Required action
Copy every line of the following data that includes the string "define".

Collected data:

###

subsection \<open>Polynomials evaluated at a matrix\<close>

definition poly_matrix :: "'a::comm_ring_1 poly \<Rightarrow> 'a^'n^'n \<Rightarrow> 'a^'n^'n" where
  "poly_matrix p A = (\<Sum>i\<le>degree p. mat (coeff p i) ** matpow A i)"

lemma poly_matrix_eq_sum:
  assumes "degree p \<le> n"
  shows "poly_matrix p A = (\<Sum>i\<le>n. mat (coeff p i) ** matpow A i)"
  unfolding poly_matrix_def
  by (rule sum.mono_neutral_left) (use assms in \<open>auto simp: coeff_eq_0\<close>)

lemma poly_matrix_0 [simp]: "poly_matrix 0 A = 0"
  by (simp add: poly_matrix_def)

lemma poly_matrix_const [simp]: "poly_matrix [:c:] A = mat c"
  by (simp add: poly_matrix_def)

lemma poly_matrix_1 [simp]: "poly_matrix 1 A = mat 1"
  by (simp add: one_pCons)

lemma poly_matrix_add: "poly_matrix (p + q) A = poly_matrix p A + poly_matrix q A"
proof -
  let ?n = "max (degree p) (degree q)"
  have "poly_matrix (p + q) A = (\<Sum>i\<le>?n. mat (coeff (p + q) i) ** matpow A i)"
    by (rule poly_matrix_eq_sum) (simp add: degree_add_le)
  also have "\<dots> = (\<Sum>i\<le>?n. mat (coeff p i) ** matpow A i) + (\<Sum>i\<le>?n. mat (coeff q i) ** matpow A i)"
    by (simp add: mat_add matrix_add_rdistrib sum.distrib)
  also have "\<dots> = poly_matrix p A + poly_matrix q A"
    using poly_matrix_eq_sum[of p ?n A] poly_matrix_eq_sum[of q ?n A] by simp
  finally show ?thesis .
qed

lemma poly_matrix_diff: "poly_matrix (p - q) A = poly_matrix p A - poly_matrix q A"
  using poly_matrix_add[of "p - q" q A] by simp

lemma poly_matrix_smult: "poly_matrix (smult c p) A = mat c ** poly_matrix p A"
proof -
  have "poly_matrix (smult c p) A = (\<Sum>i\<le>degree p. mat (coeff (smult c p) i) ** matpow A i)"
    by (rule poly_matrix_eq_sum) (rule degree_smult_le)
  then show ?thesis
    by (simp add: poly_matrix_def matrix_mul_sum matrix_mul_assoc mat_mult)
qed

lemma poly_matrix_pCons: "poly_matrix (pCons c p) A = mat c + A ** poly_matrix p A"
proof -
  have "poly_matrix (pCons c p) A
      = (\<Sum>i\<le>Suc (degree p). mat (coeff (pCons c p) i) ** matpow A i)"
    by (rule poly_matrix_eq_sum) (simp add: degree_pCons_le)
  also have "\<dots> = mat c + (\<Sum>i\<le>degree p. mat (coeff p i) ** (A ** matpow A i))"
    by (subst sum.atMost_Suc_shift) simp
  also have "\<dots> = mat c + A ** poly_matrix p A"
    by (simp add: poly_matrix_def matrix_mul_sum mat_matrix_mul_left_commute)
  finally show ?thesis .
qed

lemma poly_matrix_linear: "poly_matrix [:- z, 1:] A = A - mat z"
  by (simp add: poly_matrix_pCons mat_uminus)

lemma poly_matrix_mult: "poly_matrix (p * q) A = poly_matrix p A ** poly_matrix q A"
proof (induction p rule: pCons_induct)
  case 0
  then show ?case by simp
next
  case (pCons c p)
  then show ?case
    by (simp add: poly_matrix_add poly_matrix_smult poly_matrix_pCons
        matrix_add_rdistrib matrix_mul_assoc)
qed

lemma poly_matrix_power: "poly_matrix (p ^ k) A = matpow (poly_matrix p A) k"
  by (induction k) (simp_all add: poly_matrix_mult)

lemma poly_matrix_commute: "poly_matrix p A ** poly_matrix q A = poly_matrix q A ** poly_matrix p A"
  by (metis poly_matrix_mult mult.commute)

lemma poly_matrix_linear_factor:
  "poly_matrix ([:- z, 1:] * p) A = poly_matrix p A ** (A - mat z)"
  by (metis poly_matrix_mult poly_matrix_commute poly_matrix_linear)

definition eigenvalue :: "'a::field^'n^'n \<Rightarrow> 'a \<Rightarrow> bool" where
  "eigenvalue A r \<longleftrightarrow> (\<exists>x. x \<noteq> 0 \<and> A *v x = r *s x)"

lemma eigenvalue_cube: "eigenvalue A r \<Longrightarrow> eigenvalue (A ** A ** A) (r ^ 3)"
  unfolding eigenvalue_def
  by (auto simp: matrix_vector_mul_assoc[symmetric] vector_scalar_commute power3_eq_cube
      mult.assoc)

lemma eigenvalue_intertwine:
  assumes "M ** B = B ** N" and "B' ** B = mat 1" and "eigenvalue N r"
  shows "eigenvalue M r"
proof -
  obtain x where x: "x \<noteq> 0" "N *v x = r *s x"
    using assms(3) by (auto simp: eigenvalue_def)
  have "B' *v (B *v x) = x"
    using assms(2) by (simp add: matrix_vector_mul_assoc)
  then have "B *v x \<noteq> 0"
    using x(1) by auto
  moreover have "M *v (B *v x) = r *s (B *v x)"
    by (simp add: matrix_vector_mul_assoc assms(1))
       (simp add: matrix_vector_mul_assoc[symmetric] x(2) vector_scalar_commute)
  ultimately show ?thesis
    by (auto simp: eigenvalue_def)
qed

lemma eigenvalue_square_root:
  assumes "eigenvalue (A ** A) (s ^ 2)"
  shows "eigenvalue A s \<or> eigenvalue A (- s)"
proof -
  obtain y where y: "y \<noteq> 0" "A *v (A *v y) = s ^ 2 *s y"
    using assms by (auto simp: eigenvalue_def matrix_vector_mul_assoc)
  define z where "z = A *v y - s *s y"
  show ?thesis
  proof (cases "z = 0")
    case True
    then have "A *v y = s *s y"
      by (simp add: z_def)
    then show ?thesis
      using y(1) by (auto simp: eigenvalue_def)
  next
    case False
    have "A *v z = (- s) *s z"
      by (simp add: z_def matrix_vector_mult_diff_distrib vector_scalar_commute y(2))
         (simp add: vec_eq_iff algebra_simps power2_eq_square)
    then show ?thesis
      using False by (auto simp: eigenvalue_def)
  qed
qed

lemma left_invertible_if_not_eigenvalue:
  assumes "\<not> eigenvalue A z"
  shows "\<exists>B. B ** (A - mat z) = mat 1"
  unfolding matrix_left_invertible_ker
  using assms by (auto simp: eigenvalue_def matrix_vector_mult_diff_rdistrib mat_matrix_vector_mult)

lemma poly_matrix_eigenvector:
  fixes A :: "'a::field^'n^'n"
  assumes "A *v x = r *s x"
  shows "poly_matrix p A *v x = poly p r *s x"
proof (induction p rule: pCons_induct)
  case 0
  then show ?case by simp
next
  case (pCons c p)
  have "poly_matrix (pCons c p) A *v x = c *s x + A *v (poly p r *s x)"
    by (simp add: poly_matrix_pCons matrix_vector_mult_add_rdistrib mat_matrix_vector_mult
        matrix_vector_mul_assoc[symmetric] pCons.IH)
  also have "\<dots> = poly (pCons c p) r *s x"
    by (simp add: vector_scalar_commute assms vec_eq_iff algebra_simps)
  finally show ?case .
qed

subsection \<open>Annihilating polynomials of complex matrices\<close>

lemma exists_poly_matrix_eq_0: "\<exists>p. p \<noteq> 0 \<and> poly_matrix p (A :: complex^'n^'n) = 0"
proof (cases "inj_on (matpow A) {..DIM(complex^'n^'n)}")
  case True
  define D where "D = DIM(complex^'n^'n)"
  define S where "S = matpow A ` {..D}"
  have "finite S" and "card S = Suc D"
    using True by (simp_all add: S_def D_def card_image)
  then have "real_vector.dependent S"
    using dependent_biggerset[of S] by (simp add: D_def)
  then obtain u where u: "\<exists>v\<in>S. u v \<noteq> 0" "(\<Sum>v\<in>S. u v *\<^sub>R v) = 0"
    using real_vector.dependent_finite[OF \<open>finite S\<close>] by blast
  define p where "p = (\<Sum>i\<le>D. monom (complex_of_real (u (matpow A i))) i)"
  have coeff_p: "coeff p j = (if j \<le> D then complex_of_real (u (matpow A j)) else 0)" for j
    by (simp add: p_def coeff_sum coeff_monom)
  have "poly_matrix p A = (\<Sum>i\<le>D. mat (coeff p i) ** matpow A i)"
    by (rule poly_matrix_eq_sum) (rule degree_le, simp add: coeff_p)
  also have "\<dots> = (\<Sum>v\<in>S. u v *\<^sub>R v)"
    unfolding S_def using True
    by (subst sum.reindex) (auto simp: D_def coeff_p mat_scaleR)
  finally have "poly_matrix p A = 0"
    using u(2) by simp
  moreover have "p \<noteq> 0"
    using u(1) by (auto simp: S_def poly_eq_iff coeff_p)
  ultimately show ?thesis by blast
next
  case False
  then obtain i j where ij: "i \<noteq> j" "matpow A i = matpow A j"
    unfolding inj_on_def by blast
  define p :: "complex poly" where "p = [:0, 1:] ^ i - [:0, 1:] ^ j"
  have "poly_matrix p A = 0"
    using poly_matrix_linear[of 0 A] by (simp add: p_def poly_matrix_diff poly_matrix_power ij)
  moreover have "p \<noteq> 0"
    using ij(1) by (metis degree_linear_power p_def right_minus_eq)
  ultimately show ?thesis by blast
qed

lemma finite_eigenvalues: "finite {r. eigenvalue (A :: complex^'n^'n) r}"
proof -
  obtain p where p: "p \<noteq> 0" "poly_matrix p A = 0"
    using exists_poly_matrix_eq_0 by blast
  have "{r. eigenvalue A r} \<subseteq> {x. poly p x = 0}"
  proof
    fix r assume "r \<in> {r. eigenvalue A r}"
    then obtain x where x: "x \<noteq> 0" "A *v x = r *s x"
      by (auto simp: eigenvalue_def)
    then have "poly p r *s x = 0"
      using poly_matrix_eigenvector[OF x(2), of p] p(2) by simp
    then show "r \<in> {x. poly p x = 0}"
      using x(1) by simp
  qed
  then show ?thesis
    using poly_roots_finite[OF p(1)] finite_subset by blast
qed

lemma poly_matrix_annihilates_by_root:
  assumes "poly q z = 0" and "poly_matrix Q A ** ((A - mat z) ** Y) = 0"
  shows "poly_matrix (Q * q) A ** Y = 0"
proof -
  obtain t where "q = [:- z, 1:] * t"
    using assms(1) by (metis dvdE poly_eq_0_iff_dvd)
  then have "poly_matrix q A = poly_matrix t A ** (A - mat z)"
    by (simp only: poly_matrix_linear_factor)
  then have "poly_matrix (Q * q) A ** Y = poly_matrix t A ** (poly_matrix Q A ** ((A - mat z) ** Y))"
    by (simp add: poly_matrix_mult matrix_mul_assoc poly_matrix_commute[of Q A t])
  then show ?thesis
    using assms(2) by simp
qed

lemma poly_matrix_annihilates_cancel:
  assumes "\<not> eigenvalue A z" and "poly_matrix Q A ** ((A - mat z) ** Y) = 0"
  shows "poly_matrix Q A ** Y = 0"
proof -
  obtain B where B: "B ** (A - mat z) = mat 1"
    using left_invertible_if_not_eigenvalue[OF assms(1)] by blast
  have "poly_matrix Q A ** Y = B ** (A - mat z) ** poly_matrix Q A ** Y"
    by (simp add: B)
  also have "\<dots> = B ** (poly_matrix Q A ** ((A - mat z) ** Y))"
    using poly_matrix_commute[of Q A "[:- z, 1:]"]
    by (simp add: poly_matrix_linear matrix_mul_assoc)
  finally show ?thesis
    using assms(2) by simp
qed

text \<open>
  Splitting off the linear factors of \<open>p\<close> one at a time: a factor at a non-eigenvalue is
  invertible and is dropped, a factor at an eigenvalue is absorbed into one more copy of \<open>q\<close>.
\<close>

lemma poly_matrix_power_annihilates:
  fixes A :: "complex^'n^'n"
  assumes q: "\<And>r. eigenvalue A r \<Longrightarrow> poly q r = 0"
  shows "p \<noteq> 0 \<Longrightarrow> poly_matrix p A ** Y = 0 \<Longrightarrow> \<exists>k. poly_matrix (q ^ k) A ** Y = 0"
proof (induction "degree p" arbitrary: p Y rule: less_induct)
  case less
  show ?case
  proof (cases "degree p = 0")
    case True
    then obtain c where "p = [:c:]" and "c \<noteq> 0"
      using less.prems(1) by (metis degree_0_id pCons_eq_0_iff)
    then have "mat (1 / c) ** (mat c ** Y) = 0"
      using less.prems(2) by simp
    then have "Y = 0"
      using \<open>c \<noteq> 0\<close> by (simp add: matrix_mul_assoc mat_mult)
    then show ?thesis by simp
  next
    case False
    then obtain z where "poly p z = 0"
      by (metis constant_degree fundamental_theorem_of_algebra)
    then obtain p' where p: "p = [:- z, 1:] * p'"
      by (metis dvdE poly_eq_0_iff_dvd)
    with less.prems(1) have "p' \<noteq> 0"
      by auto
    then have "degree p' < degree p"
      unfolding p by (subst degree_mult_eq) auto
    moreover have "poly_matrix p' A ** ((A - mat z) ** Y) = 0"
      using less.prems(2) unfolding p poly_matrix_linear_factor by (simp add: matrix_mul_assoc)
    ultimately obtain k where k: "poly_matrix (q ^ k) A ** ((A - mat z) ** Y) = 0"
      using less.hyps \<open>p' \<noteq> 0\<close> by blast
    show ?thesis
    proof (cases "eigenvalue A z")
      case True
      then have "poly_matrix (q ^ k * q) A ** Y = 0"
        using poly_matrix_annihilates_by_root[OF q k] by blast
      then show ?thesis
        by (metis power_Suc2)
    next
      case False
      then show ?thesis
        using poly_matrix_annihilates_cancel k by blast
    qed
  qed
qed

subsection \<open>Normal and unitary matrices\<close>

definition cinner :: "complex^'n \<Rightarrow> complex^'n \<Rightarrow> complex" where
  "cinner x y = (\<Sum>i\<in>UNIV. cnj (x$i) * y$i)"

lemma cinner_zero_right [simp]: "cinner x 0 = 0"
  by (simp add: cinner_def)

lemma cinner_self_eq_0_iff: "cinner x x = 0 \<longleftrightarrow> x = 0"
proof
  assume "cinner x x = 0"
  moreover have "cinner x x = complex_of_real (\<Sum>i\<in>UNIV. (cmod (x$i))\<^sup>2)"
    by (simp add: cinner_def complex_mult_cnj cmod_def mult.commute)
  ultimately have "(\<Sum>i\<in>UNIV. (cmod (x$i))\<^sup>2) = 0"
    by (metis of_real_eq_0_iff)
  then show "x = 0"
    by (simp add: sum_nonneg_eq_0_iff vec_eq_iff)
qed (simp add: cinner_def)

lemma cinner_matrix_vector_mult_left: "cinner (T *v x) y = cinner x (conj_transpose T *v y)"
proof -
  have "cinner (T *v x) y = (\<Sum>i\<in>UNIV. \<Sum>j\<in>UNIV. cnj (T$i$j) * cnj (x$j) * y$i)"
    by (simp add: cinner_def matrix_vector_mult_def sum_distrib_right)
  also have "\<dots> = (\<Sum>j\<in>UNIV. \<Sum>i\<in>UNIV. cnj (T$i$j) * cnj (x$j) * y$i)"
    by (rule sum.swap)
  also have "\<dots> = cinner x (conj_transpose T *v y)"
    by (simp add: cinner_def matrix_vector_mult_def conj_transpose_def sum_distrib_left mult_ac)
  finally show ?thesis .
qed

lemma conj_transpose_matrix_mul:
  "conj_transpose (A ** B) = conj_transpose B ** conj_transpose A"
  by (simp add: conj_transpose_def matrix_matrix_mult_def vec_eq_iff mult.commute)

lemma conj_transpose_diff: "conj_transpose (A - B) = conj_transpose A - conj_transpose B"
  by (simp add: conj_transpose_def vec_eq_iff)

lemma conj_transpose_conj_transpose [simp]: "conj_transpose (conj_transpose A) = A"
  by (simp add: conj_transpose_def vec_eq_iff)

###

Finished task
  define z where "z = A *v y - s *s y"
  define D where "D = DIM(complex^'n^'n)"
  define S where "S = matpow A ` {..D}"
  define p where "p = (\<Sum>i\<le>D. monom (complex_of_real (u (matpow A i))) i)"
  define p :: "complex poly" where "p = [:0, 1:] ^ i - [:0, 1:] ^ j"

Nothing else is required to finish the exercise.